The Wall Street Journal, HBO and Faulty Extrapolation

I’ve been wanting to write for a while now about the infuriating continued tendency for media pundits to cite the WSJ.com’s paywall as a successful example of a business model for online journalism. I have yet to read or hear anyone point out the obvious difference between the Wall St. Journal and most other publications.  This key difference is that I am reasonably sure that a significant percentage of subscribers to the Wall St. Journal (in all formats, online included) are reimbursed by their employers  for their subscriptions and/or are simply given a free subscription in their names.  In general, it seems that businesses and the business media have trouble understanding this key aspect of consumer behavior.  If one’s employer pays for something, one considers it free – e.g. Blackberry data plans, Airport/Hotel WiFi, etc.  Trying to extrapolate this behavior into broader consumer adoption is plain silly.

Additionally, in general, it seems unwise to me to use a singular example (otherwise known as an exception) to try prove a rule.  Even if there was no special case for the WSJ as postulated above, all that this proves to me is that for most publications, consumers are unwilling to pay for a subscription.  Others, including the NY Times have tried and failed to charge for their content online. HBO is another case as one of the only television content providers able to extract a significant monthly subscription fee from a substantial population. Again, the exception should not be used as an example to follow. I would guess that CBS would not be able to charge $20/month for their programming, for example.

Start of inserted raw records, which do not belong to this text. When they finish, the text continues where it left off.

lemma jost_unique:
  assumes z: "cmod z = 1" and u: "solves_Q q r z u" "jost_psi_asym z u"
  shows "u n = jost n z"
proof (rule solution_eq_if_wronskian_limits[OF u(1) jost_solves[OF z] jost_bar_solves[OF z]])
  define G H where "G m = gen_fun (psi.limit m) (z\<^sup>2)" and "H m = gen_fun (psibar.limit m) ((inverse z)\<^sup>2)"
    for m
  note lims = tendsto_gen_fun_jost[OF z, folded G_def H_def]
  have u1: "((\<lambda>m. fst (u m)) \<longlongrightarrow> 0) at_top" and u2: "((\<lambda>m. snd (u m) / z powi m) \<longlongrightarrow> 1) at_top"
    using u(2) by (auto simp: jost_psi_asym_def)
  show "z \<noteq> 0" using z by auto
  have unimodular: "cmod (z powi m) = 1" "cmod ((z powi m)\<^sup>2) = 1" "cmod (z powi (- m)) = 1" for m
    using z by (simp_all add: norm_power_int norm_power)
  have "wronskian (u m) (jost m z)
      = z powi m * fst (u m) * snd (G m) - (z powi m)\<^sup>2 * fst (G m) * (snd (u m) / z powi m)" for m
    using \<open>z \<noteq> 0\<close> by (simp add: wronskian_def jost_def G_def power2_eq_square)
  moreover have "((\<lambda>m. z powi m * fst (u m) * snd (G m) - (z powi m)\<^sup>2 * fst (G m) * (snd (u m) / z powi m))
      \<longlongrightarrow> 0 - 0) at_top"
    by (intro tendsto_diff tendsto_unimodular_mult_zero[OF u1 lims(2)] tendsto_unimodular_mult_zero[OF lims(1) u2]
        unimodular)
  ultimately show "((\<lambda>m. wronskian (u m) (jost m z)) \<longlongrightarrow> 0) at_top"
    by simp
  have "wronskian (u m) (jost_bar m z)
      = z powi (- m) * fst (u m) * snd (H m) - snd (u m) / z powi m * fst (H m)" for m
    by (simp add: wronskian_def jost_bar_def H_def power_int_minus divide_inverse)
  moreover have "((\<lambda>m. z powi (- m) * fst (u m) * snd (H m) - snd (u m) / z powi m * fst (H m))
      \<longlongrightarrow> 0 - 1 * 1) at_top"
    by (intro tendsto_diff tendsto_mult tendsto_unimodular_mult_zero[OF u1 lims(4)] u2 lims unimodular)
  ultimately show "((\<lambda>m. wronskian (u m) (jost_bar m z)) \<longlongrightarrow> -1) at_top"
    by simp
  have "wronskian (jost m z) (jost_bar m z) = fst (G m) * snd (H m) - snd (G m) * fst (H m)" for m
    using \<open>z \<noteq> 0\<close> by (simp add: wronskian_def jost_def jost_bar_def G_def H_def power_int_minus field_simps)
  moreover have "((\<lambda>m. fst (G m) * snd (H m) - snd (G m) * fst (H m)) \<longlongrightarrow> 0 * 0 - 1 * 1) at_top"
    by (intro tendsto_diff tendsto_mult lims)
  ultimately show "((\<lambda>m. wronskian (jost m z) (jost_bar m z)) \<longlongrightarrow> -1) at_top"
    by simp
qed simp
lemma Ct_subset_conv_body_At_sq_zero:
  assumes t: "0 < t"
  shows "Ct \<theta> t f \<subseteq> conv_body (At (t\<^sup>2) f 0) (Mt t f / Mt (t\<^sup>2) f * \<theta>) (uminus ` At (t\<^sup>2) f 0)"
proof
  let ?K = "At (t\<^sup>2) f 0"
  have t2: "0 < t\<^sup>2"
    using t by simp
  fix x
  assume "x \<in> Ct \<theta> t f"
  then obtain z where z: "z \<in> At t f x" and ge: "\<theta> * Mt t f \<le> measure lebesgue (At t f x)"
    by (auto simp: Ct_def)
  have sub: "At t f x \<subseteq> ?K \<inter> (+) x ` ?K"
    using t by (intro At_subset_At_sq_inter_translate le_sup_norm sup_norm_pos) simp
  then have "z \<in> ?K" "z - x \<in> ?K"
    using z by auto
  then have "x \<in> diff_set ?K ?K"
    by (force simp: diff_set_def)
  moreover have "measure lebesgue (At t f x) \<le> measure lebesgue (?K \<inter> (+) x ` ?K)"
    using sub lmeasurable_inter_translate[OF lmeasurable_At_zero[OF t2]] lmeasurable_At[OF t]
    by (intro measure_mono_fmeasurable) auto
  \<comment> \<open>the second case is \<open>|K| = 0\<close>, where the ratio is a division by zero\<close>
  moreover have "Mt t f / Mt (t\<^sup>2) f * \<theta> * measure lebesgue ?K = \<theta> * Mt t f \<or>
      Mt t f / Mt (t\<^sup>2) f * \<theta> * measure lebesgue ?K = 0"
    by (auto simp: Mt_eq_measure_At_zero[OF t2])
  ultimately show "x \<in> conv_body ?K (Mt t f / Mt (t\<^sup>2) f * \<theta>) (uminus ` ?K)"
    using ge by (auto simp: conv_body_uminus[OF lmeasurable_At_zero[OF t2]])
qed

end

theorem lemma3p7:
  fixes f :: "'a::euclidean_space \<Rightarrow> real" and \<theta> t :: real
  assumes "log_concave f"
    and "f integrable_on UNIV"
    and "interior (supp f) \<noteq> {}"
    and "0 \<le> \<theta>" "\<theta> \<le> 1"
    and "0 < t" "t \<le> 1"
  shows "conv_body (At t f 0) \<theta> (uminus ` At t f 0) \<subseteq> Ct \<theta> t f \<and>
         Ct \<theta> t f \<subseteq> conv_body (At (t\<^sup>2) f 0) (Mt t f / Mt (t\<^sup>2) f * \<theta>) (uminus ` At (t\<^sup>2) f 0)"
proof -
  have "\<not> negligible (supp f)"
    using assms(3) interior_subset negligible_subset open_not_negligible by blast
  then show ?thesis
    using conv_body_At_zero_subset_Ct Ct_subset_conv_body_At_sq_zero assms(1,2,6) by blast
qed

end
lemma transitive_twisted_complementI:
  assumes H: "parity_kernel (aut_group X) G H"
    and "H \<noteq> G" and trans: "vertex_transitive X H"
  shows "vertex_transitive Xt (twisted_complement K0 H)"
  unfolding vertex_transitive_def
proof (intro ballI)
  have HG: "H \<subseteq> G"
    and parity: "\<And>g h. g \<in> G \<Longrightarrow> h \<in> G \<Longrightarrow> g \<circ> h \<in> H \<longleftrightarrow> (g \<in> H \<longleftrightarrow> h \<in> H)"
    using H unfolding parity_kernel_def by auto
  obtain g0 where g0: "g0 \<in> G" "g0 \<notin> H" using HG \<open>H \<noteq> G\<close> by blast
  fix u v assume u: "u \<in> verts Xt" and v: "v \<in> verts Xt"
  have pu: "p u \<in> verts X" and pv: "p v \<in> verts X" using u v proj_verts by auto
  obtain g where g: "g \<in> G" "g (p u) = p v" and g_H: "g \<in> H \<longleftrightarrow> (u \<in> S \<longleftrightarrow> v \<in> S)"
  proof (cases "u \<in> S \<longleftrightarrow> v \<in> S")
    case True
    obtain h where "h \<in> H" "h (p u) = p v" using trans pu pv unfolding vertex_transitive_def by blast
    with True HG show ?thesis by (intro that[of h]) auto
  next
    case False
    have "g0 (p u) \<in> verts X" using auts_mem_verts[of g0 X "p u"] pu g0(1) G_auts by blast
    then obtain h where h: "h \<in> H" "h (g0 (p u)) = p v"
      using trans pv unfolding vertex_transitive_def by blast
    then have "h \<circ> g0 \<in> G" "h \<circ> g0 \<notin> H" using parity[of h g0] comp_in_G[of h g0] g0 HG by auto
    with h False show ?thesis by (intro that[of "h \<circ> g0"]) auto
  qed
  have "twist K0 H g u \<in> verts Xt" "p (twist K0 H g u) = p v"
    using twist_lift[OF complement_K0 g(1)] u g(2) auts_mem_verts[of "twist K0 H g" Xt u]
    unfolding is_lift_def by auto
  then have "twist K0 H g u = v"
    using section_fibre_unique[OF section_S v] twist_mem_section_iff[OF g(1) u] g_H by blast
  then show "\<exists>k\<in>twisted_complement K0 H. k u = v"
    using g(1) unfolding twisted_complement_def by blast
qed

In general, I believe that consumers expect most digital goods to be free, particularly text/news. It’s just too easy to copy/paste/share to intuitively seem like it should cost money.  I do think that there is value in packaging/curating content online and that there will be some ability to charge for some content/aggregation, but I don’t think it will ever compare to the advertising model of traditional journalism.  Even subscription revenue for the WSJ.com is not nearly enough to cover lost ad revenues.  I think that display advertising has largely been a missed opportunity, and if done right should be able to garner as much/more revenue as offline ads were getting in Newspapers and Magazines before the past few years.  Instead of worshiping the false idols of WSJ.com and HBO, media companies need to get to work building compelling online experiences and new ad units and selling them to consumers and advertisers.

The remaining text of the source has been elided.